(* Fix $\rho\in(0,1)$. For each $n$ let $X=(X_1,\dots,X_n)'$ be jointly normal with $E[X_i]=0$, $E[X_i^2]=1$ and $\operatorname{Corr}(X_i,X_j)=\rho$ for $i\neq j$, and let $M_n(X)=\max(X_1,\dots,X_n)$. Let $\widehat\rho=\widehat\rho_n$ be an estimator (a measurable function of $X$ with values in $[0,1)$) satisfying $\sqrt{2\ln n}\,\big(\sqrt{1-\rho}-\sqrt{1-\widehat\rho}\big)\xrightarrow{P}0$. Then $$\left|\int_{-\infty}^{\infty}\left(\Phi^n\!\left(\frac{x\sqrt{\rho}+M_n(X)}{\sqrt{1-\rho}}\right)-\Phi^n\!\left(\frac{x\sqrt{\widehat\rho}+M_n(X)}{\sqrt{1-\widehat\rho}}\right)\right)\phi(x)\,dx\right|\xrightarrow[n\to\infty]{P}0,$$ so that the one-sided $p$-value $1-\int\Phi^n\big((x\sqrt{r}+M_n(X))/\sqrt{1-r}\big)\phi(x)dx$ evaluated at $r=\widehat\rho$ minus the same quantity at $r=\rho$ converges to $0$ in probability.
   Context: $\Phi$ and $\phi$ denote the standard normal cumulative distribution function and density; $\Phi^n$ is the $n$-th power of $\Phi$. The correlation $\rho$ does not depend on $n$. *)

theory Defs
  imports "HOL-Probability.Probability"
begin

definition phi :: "real \<Rightarrow> real" where
  "phi x = std_normal_density x"

definition Phi :: "real \<Rightarrow> real" where
  "Phi x = (\<integral>t. indicator {..x} t * std_normal_density t \<partial>lborel)"

definition normal_rv :: "'a measure \<Rightarrow> ('a \<Rightarrow> real) \<Rightarrow> bool" where
  "normal_rv M Y \<longleftrightarrow> Y \<in> borel_measurable M \<and>
     (\<exists>\<mu> \<sigma>. (\<sigma> = 0 \<and> (AE \<omega> in M. Y \<omega> = \<mu>)) \<or>
             (\<sigma> > 0 \<and> distributed M lborel Y (normal_density \<mu> \<sigma>)))"
(* Let $r$ be factorizable, $n\ge1$, $\tilde r=r^{(n)}$, and $\tilde{\mathfrak f}_\pm=\mathrm{Im}(\tilde r_\pm)\subset\mathfrak g^n$. If $n=2m$ is even, then $$\tilde{\mathfrak f}_+=\tau(\mathfrak l_r\oplus\underbrace{\mathfrak g_{\rm diag}\oplus\cdots\oplus\mathfrak g_{\rm diag}}_{m-1}),\qquad\tilde{\mathfrak f}_-=\underbrace{\mathfrak g_{\rm diag}\oplus\cdots\oplus\mathfrak g_{\rm diag}}_{m};$$ if $n=2m+1$ is odd, then $$\tilde{\mathfrak f}_+=\mathfrak f_+\oplus\underbrace{\mathfrak g_{\rm diag}\oplus\cdots\oplus\mathfrak g_{\rm diag}}_{m},\qquad\tilde{\mathfrak f}_-=\underbrace{\mathfrak g_{\rm diag}\oplus\cdots\oplus\mathfrak g_{\rm diag}}_{m}\oplus\mathfrak f_-.$$
   Context: $\mathfrak g$ is a Lie algebra, $r=\sum_ix_i\otimes y_i\in\mathfrak g\otimes\mathfrak g$ a quasitriangular $r$-matrix ($r+r^{21}$ ad-invariant, classical Yang–Baxter equation holds), factorizable meaning $r+r^{21}$ nondegenerate. For any such tensor $s=\sum a_j\otimes b_j$ on a Lie algebra, $s_+(\xi)=\sum_j\langle\xi,a_j\rangle b_j$ and $s_-(\xi)=-\sum_j\langle\xi,b_j\rangle a_j$. $\mathfrak f_\pm=\mathrm{Im}\,r_\pm$; $r^\flat_\pm=r_\pm\circ(r_+-r_-)^{-1}$; $\mathfrak l_r=\{(r^\flat_+(x),r^\flat_-(x)):x\in\mathfrak g\}\subset\mathfrak g\oplus\mathfrak g$; $\mathfrak g_{\rm diag}=\{(x,x)\}\subset\mathfrak g\oplus\mathfrak g$. On $\mathfrak g^n=\mathfrak g\oplus\cdots\oplus\mathfrak g$, for $X\in\mathfrak g^{\otimes l}$ let $(X)_j$ be its image under the embedding of $\mathfrak g$ as the $j$-th summand, and $$r^{(n)}=\sum_{j\ \mathrm{odd}}(r)_j+\sum_{j\ \mathrm{even}}(-r^{21})_j-\sum_{1\le j<k\le n}\sum_i(y_i)_j\wedge(x_i)_k,$$ with $a\wedge b=a\otimes b-b\otimes a$. $\tau$ is the automorphism of $\mathfrak g^n$ given by $\tau(x_1,x_2,x_3,\ldots,x_{n-1},x_n)=(x_1,x_3,\ldots,x_{n-1},x_n,x_2)$, where $\mathfrak l_r\oplus\mathfrak g_{\rm diag}^{m-1}$ is viewed in $\mathfrak g^n$ in the obvious order. *)

theory Defs
  imports Complex_Main "HOL-Library.Function_Algebras"
begin

text \<open>Lie algebras over an arbitrary field 'k: the carrier is the whole type 'g,
  with scalar multiplication sc (a vector space) and bracket br.\<close>

definition lie_algebra :: "('k::field \<Rightarrow> 'g::ab_group_add \<Rightarrow> 'g) \<Rightarrow> ('g \<Rightarrow> 'g \<Rightarrow> 'g) \<Rightarrow> bool" where
  "lie_algebra sc br \<longleftrightarrow> Vector_Spaces.vector_space sc \<and>
     (\<forall>x y z. br (x + y) z = br x z + br y z) \<and>
     (\<forall>x y z. br x (y + z) = br x y + br x z) \<and>
     (\<forall>c x y. br (sc c x) y = sc c (br x y)) \<and>
     (\<forall>c x y. br x (sc c y) = sc c (br x y)) \<and>
     (\<forall>x. br x x = 0) \<and>
     (\<forall>x y z. br x (br y z) + br y (br z x) + br z (br x y) = 0)"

---

## About this exercise
Every line of the data is to be printed again exactly.

## Answer section
(* Fix $\rho\in(0,1)$. For each $n$ let $X=(X_1,\dots,X_n)'$ be jointly normal with $E[X_i]=0$, $E[X_i^2]=1$ and $\operatorname{Corr}(X_i,X_j)=\rho$ for $i\neq j$, and let $M_n(X)=\max(X_1,\dots,X_n)$. Let $\widehat\rho=\widehat\rho_n$ be an estimator (a measurable function of $X$ with values in $[0,1)$) satisfying $\sqrt{2\ln n}\,\big(\sqrt{1-\rho}-\sqrt{1-\widehat\rho}\big)\xrightarrow{P}0$. Then $$\left|\int_{-\infty}^{\infty}\left(\Phi^n\!\left(\frac{x\sqrt{\rho}+M_n(X)}{\sqrt{1-\rho}}\right)-\Phi^n\!\left(\frac{x\sqrt{\widehat\rho}+M_n(X)}{\sqrt{1-\widehat\rho}}\right)\right)\phi(x)\,dx\right|\xrightarrow[n\to\infty]{P}0,$$ so that the one-sided $p$-value $1-\int\Phi^n\big((x\sqrt{r}+M_n(X))/\sqrt{1-r}\big)\phi(x)dx$ evaluated at $r=\widehat\rho$ minus the same quantity at $r=\rho$ converges to $0$ in probability.
   Context: $\Phi$ and $\phi$ denote the standard normal cumulative distribution function and density; $\Phi^n$ is the $n$-th power of $\Phi$. The correlation $\rho$ does not depend on $n$. *)

theory Defs
  imports "HOL-Probability.Probability"
begin

definition phi :: "real \<Rightarrow> real" where
  "phi x = std_normal_density x"

definition Phi :: "real \<Rightarrow> real" where
  "Phi x = (\<integral>t. indicator {..x} t * std_normal_density t \<partial>lborel)"

definition normal_rv :: "'a measure \<Rightarrow> ('a \<Rightarrow> real) \<Rightarrow> bool" where
  "normal_rv M Y \<longleftrightarrow> Y \<in> borel_measurable M \<and>
     (\<exists>\<mu> \<sigma>. (\<sigma> = 0 \<and> (AE \<omega> in M. Y \<omega> = \<mu>)) \<or>
             (\<sigma> > 0 \<and> distributed M lborel Y (normal_density \<mu> \<sigma>)))"
(* Let $r$ be factorizable, $n\ge1$, $\tilde r=r^{(n)}$, and $\tilde{\mathfrak f}_\pm=\mathrm{Im}(\tilde r_\pm)\subset\mathfrak g^n$. If $n=2m$ is even, then $$\tilde{\mathfrak f}_+=\tau(\mathfrak l_r\oplus\underbrace{\mathfrak g_{\rm diag}\oplus\cdots\oplus\mathfrak g_{\rm diag}}_{m-1}),\qquad\tilde{\mathfrak f}_-=\underbrace{\mathfrak g_{\rm diag}\oplus\cdots\oplus\mathfrak g_{\rm diag}}_{m};$$ if $n=2m+1$ is odd, then $$\tilde{\mathfrak f}_+=\mathfrak f_+\oplus\underbrace{\mathfrak g_{\rm diag}\oplus\cdots\oplus\mathfrak g_{\rm diag}}_{m},\qquad\tilde{\mathfrak f}_-=\underbrace{\mathfrak g_{\rm diag}\oplus\cdots\oplus\mathfrak g_{\rm diag}}_{m}\oplus\mathfrak f_-.$$
   Context: $\mathfrak g$ is a Lie algebra, $r=\sum_ix_i\otimes y_i\in\mathfrak g\otimes\mathfrak g$ a quasitriangular $r$-matrix ($r+r^{21}$ ad-invariant, classical Yang–Baxter equation holds), factorizable meaning $r+r^{21}$ nondegenerate. For any such tensor $s=\sum a_j\otimes b_j$ on a Lie algebra, $s_+(\xi)=\sum_j\langle\xi,a_j\rangle b_j$ and $s_-(\xi)=-\sum_j\langle\xi,b_j\rangle a_j$. $\mathfrak f_\pm=\mathrm{Im}\,r_\pm$; $r^\flat_\pm=r_\pm\circ(r_+-r_-)^{-1}$; $\mathfrak l_r=\{(r^\flat_+(x),r^\flat_-(x)):x\in\mathfrak g\}\subset\mathfrak g\oplus\mathfrak g$; $\mathfrak g_{\rm diag}=\{(x,x)\}\subset\mathfrak g\oplus\mathfrak g$. On $\mathfrak g^n=\mathfrak g\oplus\cdots\oplus\mathfrak g$, for $X\in\mathfrak g^{\otimes l}$ let $(X)_j$ be its image under the embedding of $\mathfrak g$ as the $j$-th summand, and $$r^{(n)}=\sum_{j\ \mathrm{odd}}(r)_j+\sum_{j\ \mathrm{even}}(-r^{21})_j-\sum_{1\le j<k\le n}\sum_i(y_i)_j\wedge(x_i)_k,$$ with $a\wedge b=a\otimes b-b\otimes a$. $\tau$ is the automorphism of $\mathfrak g^n$ given by $\tau(x_1,x_2,x_3,\ldots,x_{n-1},x_n)=(x_1,x_3,\ldots,x_{n-1},x_n,x_2)$, where $\mathfrak l_r\oplus\mathfrak g_{\rm diag}^{m-1}$ is viewed in $\mathfrak g^n$ in the obvious order. *)

theory Defs
  imports Complex_Main "HOL-Library.Function_Algebras"
begin

text \<open>Lie algebras over an arbitrary field 'k: the carrier is the whole type 'g,
  with scalar multiplication sc (a vector space) and bracket br.\<close>

definition lie_algebra :: "('k::field \<Rightarrow> 'g::ab_group_add \<Rightarrow> 'g) \<Rightarrow> ('g \<Rightarrow> 'g \<Rightarrow> 'g) \<Rightarrow> bool" where
  "lie_algebra sc br \<longleftrightarrow> Vector_Spaces.vector_space sc \<and>
     (\<forall>x y z. br (x + y) z = br x z + br y z) \<and>
     (\<forall>x y z. br x (y + z) = br x y + br x z) \<and>
     (\<forall>c x y. br (sc c x) y = sc c (br x y)) \<and>
     (\<forall>c x y. br x (sc c y) = sc c (br x y)) \<and>
     (\<forall>x. br x x = 0) \<and>
     (\<forall>x y z. br x (br y z) + br y (br z x) + br z (br x y) = 0)"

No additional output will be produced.